Photo Credit: Vedant Bodas

‘Joking’ fits into Lusaint’s upcoming EP, The Apothecary — an EP she describes as a self-healing meditation. “It’s difficult to explain, but it’s a very calming way of explaining what you’re going through and how you can help yourself get through it. In this transition from Self Sabotage to The Apothecary, my life has had quite a lot of change. I recently moved from Manchester, and most of my music is associated with that move without me knowing it.”

“So, writing ‘Joking’, it was about living a sort of mundane, pain-free, lifestyle that you want to get out of. Because as much as I loved my life in Manchester, and always will, I think there was a part of me that felt stuck. I really was living a normal life and I wanted something more from it. It was so beautiful, so comfortable, but I knew I needed something more. It was a euphoric feeling. I feel like a new chapter of my life started when I got out of my comfort zone.”

The move down south has been taking over Lusaint’s mind for months, but it’s also given her outlets to express herself beyond her music. Interior design has been calling her name, as the new place is a fresh canvas to express herself. “It’s great to take myself away from the music and do other things to compartmentalise what I actually want to write about. I’m trying to get out of my comfort zone even more and be in other creative processes. I have to remind myself I have free will and I can do things that bring me a sense of euphoria, even if it’s as simple as eating breakfast alone.”

That sense of euphoria doesn’t just come from breakfasts alone or songwriting. The stage is where Lusaint is meant to be.
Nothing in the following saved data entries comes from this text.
(* Let $\mathbb{R}^n_s$ be $\mathbb{R}^n$ with a non-degenerate symmetric bilinear form of signature $(n-s,s)$, and let $G\subset\mathrm{Iso}(\mathbb{R}^n_s)\subset\mathrm{GL}_{n+1}(\mathbb{R})$ be a real Zariski-closed subgroup whose centralizer in $\mathrm{Iso}(\mathbb{R}^n_s)$ acts transitively on $\mathbb{R}^n$, with Lie algebra $\mathfrak{g}\subset\mathrm{Mat}_{n+1}(\mathbb{R})$. Then $G=I+\mathfrak{g}$ is an affine subspace of $\mathrm{Mat}_{n+1}(\mathbb{R})$; let $\nabla^G$ be the natural flat affine connection it inherits. Fix $p\in\mathbb{R}^n$, let $F_p=G.p$ (an affine subspace of $\mathbb{R}^n$), and let $\nabla$ be the pullback to $G$ of the natural flat affine connection of $F_p$ via the orbit map $\theta:G\to F_p$, $g\mapsto g.p$ (a diffeomorphism). Then $(G,\nabla^G)$ is affinely diffeomorphic to $(G,\nabla)$.
   Context: Elements of $\mathrm{Iso}(\mathbb{R}^n_s)$ are affine maps $(I+A,v)$ identified with matrices $\begin{pmatrix}I+A&v\\0&1\end{pmatrix}$. *)

theory Defs
  imports "HOL-Analysis.Analysis"
begin

text \<open>Mat_{n+1}(R) is modelled as real^('n option)^('n option): the index None is the
  extra (n+1)-st coordinate, the indices Some i are the coordinates of R^n.\<close>

type_synonym 'n amat = "real ^ ('n option) ^ ('n option)"

text \<open>Standard non-degenerate symmetric bilinear form of signature (n-s,s):
  the coordinates in S (with card S = s) carry the sign -1.\<close>
definition sform :: "'n::finite set \<Rightarrow> real ^ 'n \<Rightarrow> real ^ 'n \<Rightarrow> real" where
  "sform S x y = (\<Sum>i\<in>UNIV. (if i \<in> S then -1 else 1) * x $ i * y $ i)"

definition lin_part :: "'n::finite amat \<Rightarrow> real ^ 'n ^ 'n" where
  "lin_part M = (\<chi> i j. M $ Some i $ Some j)"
She shines on stage, and clearly crowds across Europe and the UK love her on it. “From ‘Sweet Tooth’ to now, the support has been incredible, especially over in France and Italy. Doing radio, television, everything, and it’s still ongoing. It’s so special to be doing all of this. Whether it’s a show with a 60-piece orchestra for an Italian Christmas special, blessed by the Pope, or a sold-out show in the UK or Europe, I’m so grateful for all of it. It’s been so special being a part of all of these music communities.”
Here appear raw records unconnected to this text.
lemma line_homology_single:
  assumes G: "gwords s L n = {w0}" and G': "gwords s L (Suc n) = {}" and w0: "length w0 \<le> 1"
  shows "line_homology TYPE('k::field) s L n"
proof -
  have "gdif s L (Suc n) = (\<lambda>_. 0 :: letter list \<Rightarrow> 'k)" by (simp add: gdif_def G' fun_eq_iff)
  then have bounds: "gbounds s L n = {0 :: letter list \<Rightarrow> 'k}"
    unfolding gbounds_def using gchains_zero by (auto simp: zero_fun_def)
  have cycles: "gcycles s L n = (gchains s L n :: (letter list \<Rightarrow> 'k) set)"
    using w0 by (simp add: gcycles_def gdif_def G dcoef_short fun_eq_iff zero_fun_def)
  have "(gcycles s L n :: (letter list \<Rightarrow> 'k) set)
      \<subseteq> {b + fscale c (unit_chain w0) | b c. b \<in> gbounds s L n}"
  proof
    fix f :: "letter list \<Rightarrow> 'k" assume "f \<in> gcycles s L n"
    then have "f = 0 + fscale (f w0) (unit_chain w0)"
      by (auto simp: cycles gchains_iff G fscale_def unit_chain_def fun_eq_iff)
    then show "f \<in> {b + fscale c (unit_chain w0) | b c. b \<in> gbounds s L n}" using bounds by blast
  qed
  moreover have "(unit_chain w0 :: letter list \<Rightarrow> 'k) \<in> gcycles s L n - gbounds s L n"
    by (auto simp: cycles bounds gchains_def G unit_chain_def fun_eq_iff)
  ultimately show ?thesis unfolding line_homology_def by blast
qed

lemma gwords_one: "gwords s L (Suc 0) = {[x] | x. lidem x = s \<and> alen x = L}"
  by (auto simp: gwords_def length_Suc_conv)

lemma gwords_0_0: "gwords s 0 0 = {[]}"
  by (auto simp: gwords_def)
lemma gwords_1_1: "gwords s 1 (Suc 0) = {[arrow s]}"
  by (auto simp: gwords_one intro: arrow_of_alen)
lemma gwords_2_1: "gwords s 2 (Suc 0) = {[loop s]}"
  by (auto simp: gwords_one intro: loop_of_alen)
lemma gwords_2_2: "gwords s 2 2 = {[arrow s, arrow (opp s)]}"
proof -
  have "w = [arrow s, arrow (opp s)]" if w: "w \<in> gwords s 2 2" for w
  proof -
    from w obtain x y where xy: "w = [x, y]" by (auto simp: gwords_def length_Suc_conv numeral_2_eq_2)
    with w have "lidem x = s" "lidem y = ridem x" "alen x + alen y = 2"
      by (auto simp: gwords_def composable_Cons)
    moreover from this have "alen x = 1" "alen y = 1" using alen_pos[of x] alen_pos[of y] by linarith+
    ultimately show ?thesis using xy arrow_of_alen[of x] arrow_of_alen[of y] by auto
  qed
  then show ?thesis by (auto simp: gwords_def composable_Cons)
qed

lemma dcoef_arrows: "(dcoef [arrow s, arrow (opp s)] u :: 'k::field) = - unit_chain [loop s] u"
  by (simp add: dcoef_Cons dhead_def unit_chain_def)

lemma exact_at_2_1: "exact_at TYPE('k::field) s 2 1"
  unfolding exact_at_def
proof
  fix f :: "letter list \<Rightarrow> 'k" assume "f \<in> gcycles s 2 1"
  then have "\<forall>w. w \<noteq> [loop s] \<longrightarrow> f w = 0" by (simp add: gcycles_def gchains_iff gwords_2_1)
  then have f: "f = fscale (f [loop s]) (unit_chain [loop s])"
    by (auto simp: fscale_def unit_chain_def fun_eq_iff)
  define g :: "letter list \<Rightarrow> 'k" where
    "g = fscale (- f [loop s]) (unit_chain [arrow s, arrow (opp s)])"
  have "gdif s 2 2 g = fscale (f [loop s]) (unit_chain [loop s])"
    by (simp add: g_def gdif_def gwords_2_2 fscale_def unit_chain_def dcoef_arrows fun_eq_iff)
  moreover have "g \<in> gchains s 2 2"
    by (auto simp: g_def gchains_def fscale_def unit_chain_def gwords_2_2)
  ultimately show "f \<in> gbounds s 2 1" unfolding gbounds_def Suc_1 using f by (metis image_eqI)
qed

lemma exact_at_2_2: "exact_at TYPE('k::field) s 2 2"
  unfolding exact_at_def
proof
  fix f :: "letter list \<Rightarrow> 'k" assume f: "f \<in> gcycles s 2 2"
  then have "gdif s 2 2 f [loop s] = 0" by (simp add: gcycles_def)
  then have "f [arrow s, arrow (opp s)] = 0" by (simp add: gdif_def gwords_2_2 dcoef_arrows unit_chain_def)
  moreover have "\<forall>w. w \<noteq> [arrow s, arrow (opp s)] \<longrightarrow> f w = 0"
    using f by (simp add: gcycles_def gchains_iff gwords_2_2)
  ultimately have "f = 0" unfolding fun_eq_iff zero_fun_def by metis
  then show "f \<in> gbounds s 2 2" using gbounds_zero by simp
qed
(* Fix integers $N\ge 1$, $t\ge 1$, $m\ge 1$. Let $A\in\{0,1\}^{N\times N}$ be an observed adjacency matrix and $X$ an $N\times d$ node feature matrix. Let $p(z)$ be a prior probability density on $\mathbb{R}^{t}$, and let $z\mapsto \tilde A_z\in[0,1]^{N\times N}$ be a deterministic decoder (with parameters $\theta$) mapping a latent graph embedding $z\in\mathbb{R}^t$ to a probabilistic adjacency matrix. Define $$p^0_\theta(A\mid \tilde A_z)=P(A\mid\tilde A_z)=\prod_{i=1}^N\prod_{j=1}^N (\tilde A_z)_{i,j}^{A_{i,j}}\bigl(1-(\tilde A_z)_{i,j}\bigr)^{1-A_{i,j}}.$$ For $u=1,\dots,m$ let $\phi_u$ be a descriptor function mapping (soft) $N\times N$ adjacency matrices to $\mathbb{R}^{l_u}$ with $l_u\ge 1$, let $F_u=\phi_u(A)\in\mathbb{R}^{l_u}$ and write $|F_u|=l_u$, and let $\sigma_u>0$. Let $\gamma\ge 0$. Define the micro-macro loss $$\mathcal{L}_\theta(A)=\mathcal{L}^0_\theta(A)+\gamma\,\mathcal{L}^1_{\theta,\sigma}(F_1,\dots,F_m),$$ where $$\mathcal{L}^0_\theta(A)=-\ln\int P(A\mid\tilde A_z)\,p(z)\,dz,\qquad \mathcal{L}^1_{\theta,\sigma}(F_1,\dots,F_m)=-\sum_{u=1}^m\frac{1}{|F_u|}\ln\int \mathcal{N}\bigl(F_u\mid \phi_u(\tilde A_z),\sigma_u^2 I\bigr)\,p(z)\,dz,$$ with $\mathcal{N}(\cdot\mid\mu,\sigma^2I)$ the Gaussian density with mean $\mu$ and covariance $\sigma^2 I$. Then for any approximate posterior density $q_\phi(z\mid A,X)=q(z\mid A,X,F_1,\dots,F_m)$ on $\mathbb{R}^t$ (with parameters $\phi$), $$\mathcal{L}_\theta(A)\le \mathbb{E}_{z\sim q_\phi(z\mid A,X)}\Bigl[-\ln p^0_\theta(A\mid\tilde A_z)-\gamma\sum_{u=1}^m\frac{1}{|F_u|}\ln\mathcal{N}\bigl(F_u\mid\phi_u(\tilde A_z),\sigma_u^2 I\bigr)\Bigr]+(1+\gamma m)\,\mathrm{KL}\bigl(q_\phi(z\mid A,X)\,\|\,p(z)\bigr).$$
   Context: This is a variational (ELBO-type) bound for a joint generative model of a graph: the adjacency matrix is generated edge-independently from a probabilistic adjacency matrix $\tilde A_z$ decoded from a latent graph embedding $z\sim p(z)$, and each graph statistic $F_u$ is modeled conditionally on $z$ as Gaussian with mean $\phi_u(\tilde A_z)$ and diagonal covariance $\sigma_u^2 I$. $\mathrm{KL}$ denotes Kullback–Leibler divergence. The hyperparameter $\gamma$ weights the graph-statistic (macro) loss relative to the edge (micro) loss. *)

theory Defs
  imports "HOL-Probability.Probability"
begin
(* Let $\rho$ be a two-qubit state on $\mathbb C^2_A\otimes\mathbb C^2_B$. Suppose there are a unit vector $\alpha\in\mathbb C^2_A$ and a nonzero vector $\beta\in\mathbb C^2_B$ with $\rho(\alpha\otimes\beta)=0$. Let $\alpha_\perp\in\mathbb C^2_A$ be a unit vector orthogonal to $\alpha$, and define the operator on $\mathbb C^2_B$ $$M_{\alpha,\alpha_\perp}=(\bra{\alpha}\otimes I_B)\,\rho\,(\ket{\alpha_\perp}\otimes I_B).$$ If $M_{\alpha,\alpha_\perp}\beta\neq0$, then $\rho$ is two-way projectively steerable.
   Context: For a bipartite state $\rho$ on $\mathcal H_X\otimes\mathcal H_Y$, the projective assemblage from $X$ to $Y$ consists of the unnormalized conditional states $\sigma_{a|M}=\operatorname{tr}_X[(\Pi_a\otimes I_Y)\rho]$ for all projective measurements $M=\{\Pi_a\}$ on $\mathcal H_X$. It admits a local hidden state (LHS) model if there exist a probability space $(\Lambda,\mu)$, density matrices $\tau_\lambda$ on $\mathcal H_Y$ (measurable in $\lambda$) and response functions $p(a|M,\lambda)\ge0$ with $\sum_a p(a|M,\lambda)=1$ such that $\sigma_{a|M}=\int_\Lambda p(a|M,\lambda)\tau_\lambda\,d\mu(\lambda)$ for all $M$ and $a$. The state is projectively steerable from $X$ to $Y$ if no such model exists. A two-qubit state is two-way projectively steerable if it is projectively steerable both from $A$ to $B$ and from $B$ to $A$. *)

theory Defs
  imports "HOL-Probability.Probability" "Jordan_Normal_Form.Matrix"
begin

text \<open>Finite-dimensional operators/vectors are Jordan_Normal_Form complex matrices/vectors.
  The composite space C^dA (x) C^dB uses the basis ordering |i>|j> at index i*dB+j.\<close>

definition tensor_mat :: "complex mat \<Rightarrow> complex mat \<Rightarrow> complex mat" where
  "tensor_mat A B = mat (dim_row A * dim_row B) (dim_col A * dim_col B)
     (\<lambda>(i,j). A $$ (i div dim_row B, j div dim_col B) * B $$ (i mod dim_row B, j mod dim_col B))"

definition tensor_vec :: "complex vec \<Rightarrow> complex vec \<Rightarrow> complex vec" where
  "tensor_vec v w = vec (dim_vec v * dim_vec w) (\<lambda>i. v $ (i div dim_vec w) * w $ (i mod dim_vec w))"

definition ket :: "complex vec \<Rightarrow> complex mat" where
  "ket v = mat (dim_vec v) 1 (\<lambda>(i,j). v $ i)"

definition bra :: "complex vec \<Rightarrow> complex mat" where
  "bra v = mat 1 (dim_vec v) (\<lambda>(i,j). cnj (v $ j))"

definition ptrace_fst :: "nat \<Rightarrow> nat \<Rightarrow> complex mat \<Rightarrow> complex mat" where
  "ptrace_fst dA dB X = mat dB dB (\<lambda>(j,k). \<Sum>i<dA. X $$ (i*dB + j, i*dB + k))"

definition ptrace_snd :: "nat \<Rightarrow> nat \<Rightarrow> complex mat \<Rightarrow> complex mat" where
  "ptrace_snd dA dB X = mat dA dA (\<lambda>(i,k). \<Sum>j<dB. X $$ (i*dB + j, k*dB + j))"

definition mat_trace :: "complex mat \<Rightarrow> complex" where
  "mat_trace A = (\<Sum>i<dim_row A. A $$ (i,i))"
It’s been said a million times that the best way to support live music venues is to go to them. It’s also one of the best ways to connect with the local community and feel hope that the gentrifiers and high-rises can’t take away the spirit of what makes a city a city. A Lusaint show is the perfect setting for that, but any good live show will have that — the hope that radiates in the room and the feeling that the weight of the world has disappeared for the night. Let the weight be lifted off, you and your city’s Camden need it.